I know, I know, it’s a bit weird—not to mention presumptuous—to psychoanalyze one’s own adolescent fiction. But I’m thinking of the clothes I wore at the beginning of my relationship with Rob Macgillivray, and those I wore at its end. I’m thinking of the real-life people who were my crushes and my heroes, and how difficult it was to sort out whether I wanted a brother or an aunt or a boyfriend or a girlfriend or just someone whom I could idolize. I remember how difficult it was to understand those things, and I remember how much more right and straightforward my relationship with Rob seemed—but as I look at my middle-school fiction, I see how I cast him as a brother and a husband and a teacher and a best friend and a far-away crush.

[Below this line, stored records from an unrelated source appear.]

(* In the bilocality scenario, let the two sources each prepare the singlet, $\rho=|\Psi^-_{AB_1}\rangle\langle\Psi^-_{AB_1}|\otimes|\Psi^-_{B_2C}\rangle\langle\Psi^-_{B_2C}|$, let $A$ and $C$ measure $A_0=C_0=(\sigma_z+\sigma_x)/\sqrt2$, $A_1=C_1=(\sigma_z-\sigma_x)/\sqrt2$, and let $B$ either (case 14) perform the complete Bell-state measurement on $B_1B_2$, or (case 22) choose $y\in\{0,1\}$ and measure the two-outcome observable $\mathcal B_y=(1-y)\,\sigma_z\otimes\sigma_z+y\,\sigma_x\otimes\sigma_x$. In the strong-eavesdropper scenario (a single eavesdropper who may act jointly on both sources), there is an eavesdropping strategy reproducing exactly the observed distribution $p(abc\mid xyz)$ for all settings, namely preparing $$\tilde\rho=\tfrac14\sum_{\psi\in\{\Phi^+,\Phi^-,\Psi^+,\Psi^-\}}|\psi_{AC}\rangle\langle\psi_{AC}|\otimes|\psi_{B_1B_2}\rangle\langle\psi_{B_1B_2}|$$ with the eavesdropper knowing $\psi$, which achieves guessing probability $3/8$ both for the outcomes $(a,b,c)$ at $x=z=0$ (and $y=0$ in case 22) and for $(a,c)$ at $x=z=0$. Consequently $H_{\min}(ABC\mid E)\le\log_2(8/3)\approx1.41$ and $H_{\min}(AC\mid E)\le\log_2(8/3)\approx1.41$ in both cases.
   Context: Bell states: $|\Phi^\pm\rangle=(|00\rangle\pm|11\rangle)/\sqrt2$, $|\Psi^\pm\rangle=(|01\rangle\pm|10\rangle)/\sqrt2$; $\sigma_x,\sigma_z$ are Pauli matrices. The min-entropy is $H_{\min}=-\log_2P_{\mathrm{guess}}$, where $P_{\mathrm{guess}}$ is the maximal probability, over eavesdropper strategies allowed by the scenario that reproduce the observed statistics of $A,B,C$, that the eavesdropper's output equals the targeted outcomes; any particular such strategy lower-bounds $P_{\mathrm{guess}}$ and hence upper-bounds $H_{\min}$. *)

theory Defs
  imports Complex_Main
begin

text \<open>Computational basis of a qubit: False = |0>, True = |1>.
  All states and observables in this statement have real entries, so real matrices
  are used throughout.\<close>

type_synonym qop = "bool \<Rightarrow> bool \<Rightarrow> real"
type_synonym qop2 = "bool \<times> bool \<Rightarrow> bool \<times> bool \<Rightarrow> real"
lemma nn_integral_njumps_powr_le:
  fixes X A :: "real \<Rightarrow> 'a \<Rightarrow> real"
  assumes prob: "prob_space M" and filt: "filtration M F"
    and X: "martingale M F X" "square_integrable M X"
    and W: "martingale M F (\<lambda>r w. X r w * X r w - A r w)"
    and paths: "\<forall>w\<in>space M. cadlag (\<lambda>t. X t w)"
    and A_incr: "\<And>r r'. 0 \<le> r \<Longrightarrow> r \<le> r' \<Longrightarrow> AE w in M. A r' w - A r w \<le> L * (r' - r)"
    and jumps: "AE w in M. \<forall>t\<ge>0. jump (\<lambda>s. X s w) t \<noteq> 0 \<longrightarrow> \<delta> \<le> \<bar>jump (\<lambda>s. X s w) t\<bar>"
    and L: "0 \<le> L" and v: "0 \<le> v" and \<delta>: "0 < \<delta>" and p: "1 \<le> p"
    and \<Lambda>: "8 * L * v / \<delta>\<^sup>2 \<le> \<Lambda>"
  shows "(\<integral>\<^sup>+w. ennreal (real (njumps (\<lambda>t. X t w) {u..v}) powr p) \<partial>M)
           \<le> ennreal (real (nat \<lceil>p\<rceil>) ^ nat \<lceil>p\<rceil> * exp \<Lambda>)"
proof (rule nn_integral_le_of_eventually_dominated)
  define K where "K = real (nat \<lceil>p\<rceil>) ^ nat \<lceil>p\<rceil>"
  define Y where "Y m w = K * exp (real (large_increments (\<lambda>t. X t w) (\<delta> / 2) v m))" for m w
  have K: "0 \<le> K" unfolding K_def by simp
  note exp_moment = integral_exp_large_increments_le[OF prob filt X W A_incr L v half_gt_zero[OF \<delta>]]
  show "integrable M (Y m)" "0 \<le> Y m w" for m w
    using exp_moment(1)[of m] K unfolding Y_def by simp_all
  have "2 * L * v / (\<delta> / 2)\<^sup>2 \<le> \<Lambda>" using \<Lambda> by (simp add: power_divide)
  then have "(\<integral>w. exp (real (large_increments (\<lambda>t. X t w) (\<delta> / 2) v m)) \<partial>M) \<le> exp \<Lambda>" for m
    using exp_moment(2)[of m] by (meson exp_le_cancel_iff order_trans)
  then show "(\<integral>w. Y m w \<partial>M) \<le> K * exp \<Lambda>" for m
    unfolding Y_def using K by (simp add: mult_left_mono)
  show "AE w in M. \<forall>\<^sub>F m in sequentially. real (njumps (\<lambda>t. X t w) {u..v}) powr p \<le> Y m w"
    using jumps AE_space
  proof eventually_elim
    case (elim w)
    have "\<forall>\<^sub>F m in sequentially. njumps (\<lambda>t. X t w) {u..v} \<le> large_increments (\<lambda>t. X t w) (\<delta> / 2) v m"
      using paths elim \<delta> by (intro eventually_njumps_le_large_increments) auto
    then show ?case
    proof eventually_elim
      case (elim m)
      have "real (njumps (\<lambda>t. X t w) {u..v}) powr p \<le> K * exp (real (njumps (\<lambda>t. X t w) {u..v}))"
        unfolding K_def using p by (intro powr_le_ceiling_power_mult_exp) auto
      also have "\<dots> \<le> Y m w" unfolding Y_def using elim K by (intro mult_left_mono) auto
      finally show ?case .
    qed
  qed
qed
lemma integrable_f: "f integrable_on {x..s}"
  using integrable_neg[OF integrable_on_mono_on[OF mono_on_uminus]] by simp

lemma borel_measurable_powr: "(\<lambda>t. f t powr p) \<in> borel_measurable (lebesgue_on {x..s})"
proof -
  have "mono_on {x..s} (\<lambda>t. - (f t powr p))"
    using nonneg antimono p_pos by (auto simp: mono_on_def intro!: powr_mono2)
  hence "(\<lambda>t. - (f t powr p)) \<in> borel_measurable (lebesgue_on {x..s})"
    by (metis borel_measurable_mono_on_fnc borel_measurable_subalgebra mono_restrict_space
        sets_lborel space_lborel space_restrict_space sets_completionI_sets subsetI space_completion)
  from borel_measurable_uminus[OF this] show ?thesis by simp
qed

lemma integrable_w: "w integrable_on {x..s}"
proof (cases "x \<le> s")
  case False
  thus ?thesis by (simp add: integrable_on_empty)
next
  case True
  have "(\<lambda>t. p * (t - x) powr (p - 1)) absolutely_integrable_on {x..s}"
    using has_integral_powr_shifted[OF p_pos True] p_pos
    by (intro nonnegative_absolutely_integrable_1) (auto simp: has_integral_integrable)
  moreover have "bounded ((\<lambda>t. f t powr p) ` {x..s})"
  proof -
    have "\<forall>t\<in>{x..s}. norm (f t powr p) \<le> f x powr p"
      using nonneg antimono p_pos by (auto intro!: powr_mono2)
    thus ?thesis by (auto simp: bounded_iff)
  qed
  ultimately have "(\<lambda>t. f t powr p * (p * (t - x) powr (p - 1))) absolutely_integrable_on {x..s}"
    by (intro absolutely_integrable_bounded_measurable_product_real[OF borel_measurable_powr]) auto
  thus ?thesis
    by (simp add: absolutely_integrable_on_def w_def[abs_def] mult_ac)
qed

lemma w_nonneg: "t \<ge> x \<Longrightarrow> w t \<ge> 0"
  using p_pos nonneg by (simp add: w_def)

lemma F_nonneg: "s \<ge> x \<Longrightarrow> F s \<ge> 0"
  unfolding F_def by (rule integral_nonneg[OF integrable_f]) (auto intro: nonneg)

I’m reminded that these things are never, ever straightforward.
We can puzzle about whether Jim Burden desires Antonia or desires to be her—and that was certainly one of my favorite topics that we discussed in precept on Thursday. But I have to ask whether Jim knows which it is, or whether Cather knows which it is, and whether either the writer and the narrator would even want us to know which it is. I wonder if maybe it’s also a little bit of both. We talked very much in binaries in precept: is Jim straight or gay? Is he masculine or feminine? Is Antonia masculine or feminine; passive or active? Is it good or bad to be a woman in Cather’s pioneer world?
But what if it’s both? What if it’s neither? What if, six, seven, eight years later, I still don’t know whether I’m striving to become Rob or to gain his admiration or to spend the rest of my life with him?